We have, $f(x) = \frac{1}{{4x - 1}}$ in [1,4]

For mean value theorem follow the following algorithm :

If $f$ be a real function such that

(i) $f(x)$ is continuous on [a, b]

(ii) $f(x)$ is differentiable on ]a, b[

Then, there exists a real number $c \in ]a,b[$such that ${f^\prime }(c) = \frac{{f(b) - f(a)}}{{b - a}}$, thus we can verify it for given function.

(i) $f(x)$ is continuous in [1,4] .

Also, at $x = \frac{1}{4},f(x)$ is discontinuous.

Hence, $f(x)$ is continuous in [1,4] .

(ii) ${f^\prime }(x) = - \frac{4}{{{{(4x - 1)}^2}}},$ which exists in (1,4) .

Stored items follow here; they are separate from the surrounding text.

(* Let $P$ be a finite set of points in the plane in general position (no three collinear) with $|P|$ even, and let $M$ be a pairwise crossing perfect matching on $P$. Then $M$ is a maximum-length perfect matching on $P$, i.e., $w(M)\geqslant w(M')$ for every perfect matching $M'$ on $P$.
   Context: A perfect matching on $P$ is a partition of $P$ into pairs, each pair $\{a,b\}$ regarded as the straight-line segment $ab$. A perfect matching is pairwise crossing if every two of its segments cross each other. For a set $E$ of segments, $w(E)$ is the sum of the Euclidean lengths of its segments. *)

theory Defs
  imports "HOL-Analysis.Analysis"
begin

type_synonym point = "real^2"

definition general_position :: "point set \<Rightarrow> bool" where
  "general_position P \<longleftrightarrow>
     (\<forall>a\<in>P. \<forall>b\<in>P. \<forall>c\<in>P. a \<noteq> b \<and> a \<noteq> c \<and> b \<noteq> c \<longrightarrow> \<not> collinear {a, b, c})"

definition perfect_matching :: "point set \<Rightarrow> point set set \<Rightarrow> bool" where
  "perfect_matching P M \<longleftrightarrow>
     (\<forall>e\<in>M. card e = 2 \<and> e \<subseteq> P) \<and>
     (\<forall>e\<in>M. \<forall>f\<in>M. e \<noteq> f \<longrightarrow> e \<inter> f = {}) \<and>
     \<Union>M = P"

definition seg_length :: "point set \<Rightarrow> real" where
  "seg_length e = (THE l. \<exists>a b. e = {a, b} \<and> l = dist a b)"

definition crosses :: "point set \<Rightarrow> point set \<Rightarrow> bool" where
  "crosses e f \<longleftrightarrow> (\<exists>a b c d. e = {a, b} \<and> f = {c, d} \<and>
      open_segment a b \<inter> open_segment c d \<noteq> {})"

definition pairwise_crossing :: "point set set \<Rightarrow> bool" where
  "pairwise_crossing M \<longleftrightarrow> (\<forall>e\<in>M. \<forall>f\<in>M. e \<noteq> f \<longrightarrow> crosses e f)"

definition weight :: "point set set \<Rightarrow> real" where
  "weight E = (\<Sum>e\<in>E. seg_length e)"

end

theory Submission
  imports Defs
begin

text \<open>
  Cauchy--Crofton: the length of a segment is half the integral, over the unit vectors
  \<open>u = (cos t, sin t)\<close> with \<open>t \<in> [0, \<pi>]\<close>, of the length of its projection onto \<open>u\<close>. So it
  suffices to compare the two matchings direction by direction. The projections of
  pairwise crossing segments are pairwise overlapping intervals, hence share a
  point \<open>c\<close>; by the triangle inequality every perfect matching has total projected
  length at most \<open>\<Sum>p\<in>P. \<bar>p \<bullet> u - c\<bar>\<close>, and the crossing matching attains this bound.
\<close>

lemma integral_periodic_translate:
  fixes f :: "real \<Rightarrow> real"
  assumes f: "continuous_on UNIV f" and periodic: "\<And>x. f (x + T) = f x" and "0 \<le> T"
  shows "integral {c..c+T} f = integral {0..T} f"
proof -
  define L U where "L = min c 0 - T - 1" and "U = max c 0 + T + 1"
  define F where "F u = integral {L..u} f" for u
  have F_deriv: "(F has_real_derivative f u) (at u)" if "L < u" "u < U" for u
  proof -
    have "(F has_real_derivative f u) (at u within {L..U})"
      unfolding F_def using that
      by (intro integral_has_real_derivative continuous_on_subset[OF f]) auto
    moreover have "u \<in> interior {L..U}" using that by (simp only: interior_atLeastAtMost_real) simp
    ultimately show ?thesis by (metis at_within_interior)
  qed
  let ?S = "{min c 0..max c 0}"
  have window: "integral {y..y+T} f = F (y+T) - F y" if "y \<in> ?S" for y
  proof -
    have "L \<le> y" "y \<le> y + T" using that \<open>0 \<le> T\<close> by (auto simp: L_def U_def)
    moreover have "f integrable_on {L..y+T}"
      by (intro integrable_continuous_real continuous_on_subset[OF f]) simp
    ultimately show ?thesis
      unfolding F_def
      using Henstock_Kurzweil_Integration.integral_combine[where a=L and c=y and b="y+T" and f=f]
      by simp
  qed
  have "\<exists>k. \<forall>y\<in>?S. F (y+T) - F y = k"
  proof (rule has_field_derivative_zero_constant)
    fix y assume "y \<in> ?S"
    then have "L < y" "y < U" "L < y + T" "y + T < U" using \<open>0 \<le> T\<close> by (auto simp: L_def U_def)
    then have "((\<lambda>y. F (y+T) - F y) has_real_derivative f (y+T) * 1 - f y) (at y)"
      by (intro DERIV_diff DERIV_chain2[of F] F_deriv) (auto intro!: derivative_eq_intros)
    then show "((\<lambda>y. F (y+T) - F y) has_real_derivative 0) (at y within ?S)"
      by (simp add: periodic has_field_derivative_at_within)
  qed simp
  then obtain k where k: "\<And>y. y \<in> ?S \<Longrightarrow> F (y+T) - F y = k" by blast
  have "c \<in> ?S" "0 \<in> ?S" by auto
  then show ?thesis using window k by (metis add_0)
qed

lemma integral_abs_cos_period: "integral {c..c+pi} (\<lambda>s. \<bar>cos s\<bar>) = 2"
proof -
  have "continuous_on UNIV (\<lambda>s::real. \<bar>cos s\<bar>)" by (intro continuous_intros)
  note translate = integral_periodic_translate[OF this _ pi_ge_zero]
  have "integral {c..c+pi} (\<lambda>s. \<bar>cos s\<bar>) = integral {-(pi/2)..-(pi/2)+pi} (\<lambda>s. \<bar>cos s\<bar>)"
    using translate[of c] translate[of "-(pi/2)"] by simp
  also have "-(pi/2)+pi = pi/2" by simp
  also have "integral {-(pi/2)..pi/2} (\<lambda>s. \<bar>cos s\<bar>) = integral {-(pi/2)..pi/2} cos"
    by (rule integral_cong) (simp add: cos_ge_zero)
  also have "\<dots> = sin (pi/2) - sin (-(pi/2))"
  proof (rule integral_unique, rule fundamental_theorem_of_calculus)
    fix x assume "x \<in> {-(pi/2)..pi/2}"
    show "(sin has_vector_derivative cos x) (at x within {-(pi/2)..pi/2})"
      by (auto intro!: derivative_eq_intros simp: has_real_derivative_iff_has_vector_derivative[symmetric])
  qed simp
  finally show ?thesis by simp
qed

definition direction :: "real \<Rightarrow> real^2" where
  "direction t = vector [cos t, sin t]"

lemma inner_direction: "x \<bullet> direction t = x$1 * cos t + x$2 * sin t"
  by (simp add: direction_def inner_vec_def sum_2)

lemma integral_abs_inner_direction:
  fixes x :: "real^2"
  shows "integral {0..pi} (\<lambda>t. \<bar>x \<bullet> direction t\<bar>) = 2 * norm x"
proof (cases "x = 0")
  case True
  then show ?thesis by simp
next
  case False
  define r where "r = norm x"
  have "r > 0" using False by (simp add: r_def)
  have "(x$1)\<^sup>2 + (x$2)\<^sup>2 = r\<^sup>2"
    by (simp add: r_def norm_vec_def L2_set_def sum_2)
  then have "(x$1 / r)\<^sup>2 + (x$2 / r)\<^sup>2 = 1"
    using \<open>r > 0\<close> by (simp add: power_divide add_divide_distrib[symmetric])
  then obtain p where "x$1 / r = cos p" "x$2 / r = sin p"
    using sincos_total_2pi by metis
  then have "x$1 = r * cos p" "x$2 = r * sin p" using \<open>r > 0\<close> by (simp_all add: field_simps)
  then have "x \<bullet> direction t = r * cos (t + -p)" for t
    by (simp add: inner_direction cos_diff algebra_simps)
  then have polar: "\<bar>x \<bullet> direction t\<bar> = r * \<bar>cos (t + -p)\<bar>" for t
    using \<open>r > 0\<close> by (simp add: abs_mult)
  have "integral {0..pi} (\<lambda>t. \<bar>cos (t + -p)\<bar>) = integral {-p..-p+pi} (\<lambda>s. \<bar>cos s\<bar>)"
    using integral_shift_real_ivl[where f="\<lambda>s. \<bar>cos s\<bar>" and a="-p" and b="-p+pi" and c="-p"] by simp
  also have "\<dots> = 2" by (rule integral_abs_cos_period)
  finally show ?thesis by (simp add: polar r_def)
qed

definition projected_width :: "'a::real_inner \<Rightarrow> 'a set \<Rightarrow> real" where
  "projected_width u e = Max ((\<lambda>p. p \<bullet> u) ` e) - Min ((\<lambda>p. p \<bullet> u) ` e)"

lemma projected_width_pair: "projected_width u {a, b} = \<bar>a \<bullet> u - b \<bullet> u\<bar>"
  by (simp add: projected_width_def)

lemma seg_length_pair: "seg_length {a, b} = dist a b"
  unfolding seg_length_def by (rule the_equality) (auto simp: doubleton_eq_iff dist_commute)

lemma seg_length_eq_integral_projected_width:
  "seg_length {a, b} = integral {0..pi} (\<lambda>t. projected_width (direction t) {a, b}) / 2"
  using integral_abs_inner_direction[of "a - b"]
  by (simp add: projected_width_pair seg_length_pair dist_norm inner_diff_left)

lemma perfect_matching_edgeE:
  assumes "perfect_matching P M" "e \<in> M"
  obtains a b where "a \<noteq> b" "e = {a, b}" "a \<in> P" "b \<in> P"
proof -
  have "card e = 2" "e \<subseteq> P" using assms unfolding perfect_matching_def by auto
  then show ?thesis using that by (auto simp: card_2_iff)
qed

lemma perfect_matching_finite:
  assumes "finite P" "perfect_matching P M"
  shows "finite M"
  using assms finite_Pow_iff[of P] finite_subset[of M "Pow P"]
  unfolding perfect_matching_def by blast

lemma sum_perfect_matching:
  assumes "finite P" "perfect_matching P M"
  shows "(\<Sum>e\<in>M. \<Sum>p\<in>e. f p) = (\<Sum>p\<in>P. f p)"
proof -
  have "\<forall>e\<in>M. finite e" "\<forall>e\<in>M. \<forall>e'\<in>M. e \<noteq> e' \<longrightarrow> e \<inter> e' = {}" "\<Union>M = P"
    using assms(2) unfolding perfect_matching_def by (auto intro: card_ge_0_finite)
  then show ?thesis using sum.Union_disjoint[of M f] by simp
qed

lemma continuous_on_projected_width:
  assumes "perfect_matching P M" "e \<in> M"
  shows "continuous_on S (\<lambda>t. projected_width (direction t) e)"
proof -
  obtain a b where "e = {a, b}" by (rule perfect_matching_edgeE[OF assms])
  then show ?thesis
    by (simp add: projected_width_pair inner_direction) (intro continuous_intros)
qed

lemma integrable_sum_projected_width:
  assumes "finite P" "perfect_matching P M"
  shows "(\<lambda>t. \<Sum>e\<in>M. projected_width (direction t) e) integrable_on {a..b}"
  using assms perfect_matching_finite continuous_on_projected_width
  by (intro integrable_continuous_real continuous_on_sum) blast+

lemma weight_eq_integral_projected_width:
  assumes "finite P" "perfect_matching P M"
  shows "weight M = integral {0..pi} (\<lambda>t. \<Sum>e\<in>M. projected_width (direction t) e) / 2"
proof -
  have "weight M = (\<Sum>e\<in>M. integral {0..pi} (\<lambda>t. projected_width (direction t) e)) / 2"
    unfolding weight_def sum_divide_distrib
    by (rule sum.cong) (auto elim!: perfect_matching_edgeE[OF assms(2)]
        simp: seg_length_eq_integral_projected_width)
  also have "\<dots> = integral {0..pi} (\<lambda>t. \<Sum>e\<in>M. projected_width (direction t) e) / 2"
    using assms perfect_matching_finite continuous_on_projected_width
    by (subst integral_sum) (auto intro!: integrable_continuous_real)
  finally show ?thesis .
qed

lemma pairwise_overlapping_intervals_common_point:
  fixes lo hi :: "'i \<Rightarrow> 'a::linorder"
  assumes "finite I" and overlap: "\<And>i j. i \<in> I \<Longrightarrow> j \<in> I \<Longrightarrow> lo i \<le> hi j"
  obtains c where "\<And>i. i \<in> I \<Longrightarrow> lo i \<le> c \<and> c \<le> hi i"
proof (cases "I = {}")
  case False
  then have "lo i \<le> Max (lo ` I) \<and> Max (lo ` I) \<le> hi i" if "i \<in> I" for i
    using assms that by (auto intro: overlap)
  then show ?thesis using that by blast
qed (use that in blast)

lemma crosses_projections_overlap:
  assumes "crosses e f"
  shows "Min ((\<lambda>p. p \<bullet> u) ` e) \<le> Max ((\<lambda>p. p \<bullet> u) ` f)"
proof -
  obtain a b c d x where "e = {a, b}" "f = {c, d}"
    and x: "x \<in> open_segment a b" "x \<in> open_segment c d"
    using assms unfolding crosses_def by blast
  have proj: "y \<bullet> u \<in> closed_segment (p \<bullet> u) (q \<bullet> u)" if "y \<in> open_segment p q" for y p q
    using that open_closed_segment
      closed_segment_linear_image[OF bounded_linear.linear[OF bounded_linear_inner_left[of u]], of p q]
    by blast
  have "min (a \<bullet> u) (b \<bullet> u) \<le> x \<bullet> u" "x \<bullet> u \<le> max (c \<bullet> u) (d \<bullet> u)"
    using proj[OF x(1)] proj[OF x(2)] by (auto simp: closed_segment_eq_real_ivl split: if_splits)
  then show ?thesis using \<open>e = {a, b}\<close> \<open>f = {c, d}\<close> by simp
qed

lemma sum_projected_width_le:
  assumes "finite P" "perfect_matching P M"
  shows "(\<Sum>e\<in>M. projected_width u e) \<le> (\<Sum>p\<in>P. \<bar>p \<bullet> u - c\<bar>)"
proof -
  have "(\<Sum>e\<in>M. projected_width u e) \<le> (\<Sum>e\<in>M. \<Sum>p\<in>e. \<bar>p \<bullet> u - c\<bar>)"
    by (rule sum_mono) (auto elim!: perfect_matching_edgeE[OF assms(2)] simp: projected_width_pair)
  also have "\<dots> = (\<Sum>p\<in>P. \<bar>p \<bullet> u - c\<bar>)" by (rule sum_perfect_matching[OF assms])
  finally show ?thesis .
qed

lemma sum_projected_width_eq:
  assumes "finite P" "perfect_matching P M"
    and "\<And>e. e \<in> M \<Longrightarrow> Min ((\<lambda>p. p \<bullet> u) ` e) \<le> c \<and> c \<le> Max ((\<lambda>p. p \<bullet> u) ` e)"
  shows "(\<Sum>e\<in>M. projected_width u e) = (\<Sum>p\<in>P. \<bar>p \<bullet> u - c\<bar>)"
proof -
  have "(\<Sum>e\<in>M. projected_width u e) = (\<Sum>e\<in>M. \<Sum>p\<in>e. \<bar>p \<bullet> u - c\<bar>)"
  proof (rule sum.cong)
    fix e assume "e \<in> M"
    then obtain a b where "a \<noteq> b" "e = {a, b}" by (rule perfect_matching_edgeE[OF assms(2)])
    moreover have "min (a \<bullet> u) (b \<bullet> u) \<le> c" "c \<le> max (a \<bullet> u) (b \<bullet> u)"
      using assms(3)[OF \<open>e \<in> M\<close>] calculation by simp_all
    ultimately show "projected_width u e = (\<Sum>p\<in>e. \<bar>p \<bullet> u - c\<bar>)"
      by (cases "a \<bullet> u \<le> b \<bullet> u") (simp_all add: projected_width_pair)
  qed simp
  also have "\<dots> = (\<Sum>p\<in>P. \<bar>p \<bullet> u - c\<bar>)" by (rule sum_perfect_matching[OF assms(1,2)])
  finally show ?thesis .
qed

lemma pairwise_crossing_maximizes_projected_width:
  assumes "finite P" "perfect_matching P M" "pairwise_crossing M" "perfect_matching P M'"
  shows "(\<Sum>e\<in>M'. projected_width u e) \<le> (\<Sum>e\<in>M. projected_width u e)"
proof -
  have overlap: "Min ((\<lambda>p. p \<bullet> u) ` e) \<le> Max ((\<lambda>p. p \<bullet> u) ` f)" if "e \<in> M" "f \<in> M" for e f
  proof (cases "e = f")
    case True
    then show ?thesis using that by (auto elim!: perfect_matching_edgeE[OF assms(2)])
  next
    case False
    then show ?thesis
      using assms(3) that crosses_projections_overlap unfolding pairwise_crossing_def by blast
  qed
  obtain c where c: "\<And>e. e \<in> M \<Longrightarrow> Min ((\<lambda>p. p \<bullet> u) ` e) \<le> c \<and> c \<le> Max ((\<lambda>p. p \<bullet> u) ` e)"
    using pairwise_overlapping_intervals_common_point[where lo="\<lambda>e. Min ((\<lambda>p. p \<bullet> u) ` e)"
        and hi="\<lambda>e. Max ((\<lambda>p. p \<bullet> u) ` e)", OF perfect_matching_finite[OF assms(1,2)] overlap]
    by blast
  have "(\<Sum>e\<in>M'. projected_width u e) \<le> (\<Sum>p\<in>P. \<bar>p \<bullet> u - c\<bar>)"
    by (rule sum_projected_width_le[OF assms(1,4)])
  also have "\<dots> = (\<Sum>e\<in>M. projected_width u e)"
    by (rule sum_projected_width_eq[OF assms(1,2) c, symmetric])
  finally show ?thesis .
qed

theorem theorem10:
  fixes P :: "point set" and M :: "point set set"
  assumes "finite P" and "general_position P" and "even (card P)"
    and "perfect_matching P M" and "pairwise_crossing M"
  shows "\<forall>M'. perfect_matching P M' \<longrightarrow> weight M' \<le> weight M"
proof (intro allI impI)
  fix M' assume M': "perfect_matching P M'"
  have "integral {0..pi} (\<lambda>t. \<Sum>e\<in>M'. projected_width (direction t) e)
      \<le> integral {0..pi} (\<lambda>t. \<Sum>e\<in>M. projected_width (direction t) e)"
    using assms(1,4,5) M'
    by (intro integral_le integrable_sum_projected_width pairwise_crossing_maximizes_projected_width)
  then show "weight M' \<le> weight M"
    using weight_eq_integral_projected_width[OF assms(1) M']
      weight_eq_integral_projected_width[OF assms(1,4)] by linarith
qed

end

Since, conditions of mean value theorem are satisfied.

Hence, there exists a real number $c \in ]1,4[$ such that
${f^\prime }(c) = \frac{{f(4) - f(1)}}{{4 - 1}}$

$\Rightarrow$ $\frac{{ - 4}}{{{{(4c - 1)}^2}}} = \frac{{\frac{1}{{16 - 1}} - \frac{1}{{4 - 1}}}}{{4 - 1}} = \frac{{\frac{1}{{15}} - \frac{1}{3}}}{3}$

$\Rightarrow$ $\frac{{ - 4}}{{{{(4c - 1)}^2}}} = \frac{{1 - 5}}{{45}} = \frac{{ - 4}}{{45}}$

$\Rightarrow$ ${(4c - 1)^2} = 45$

$\Rightarrow$ $4c - 1 = \pm 3\sqrt 5$

$\Rightarrow$ $c = \frac{{3\sqrt 5 + 1}}{4} \in (1,4)$ [neglecting (-ve) value]

Hence, mean value theorem has been verified.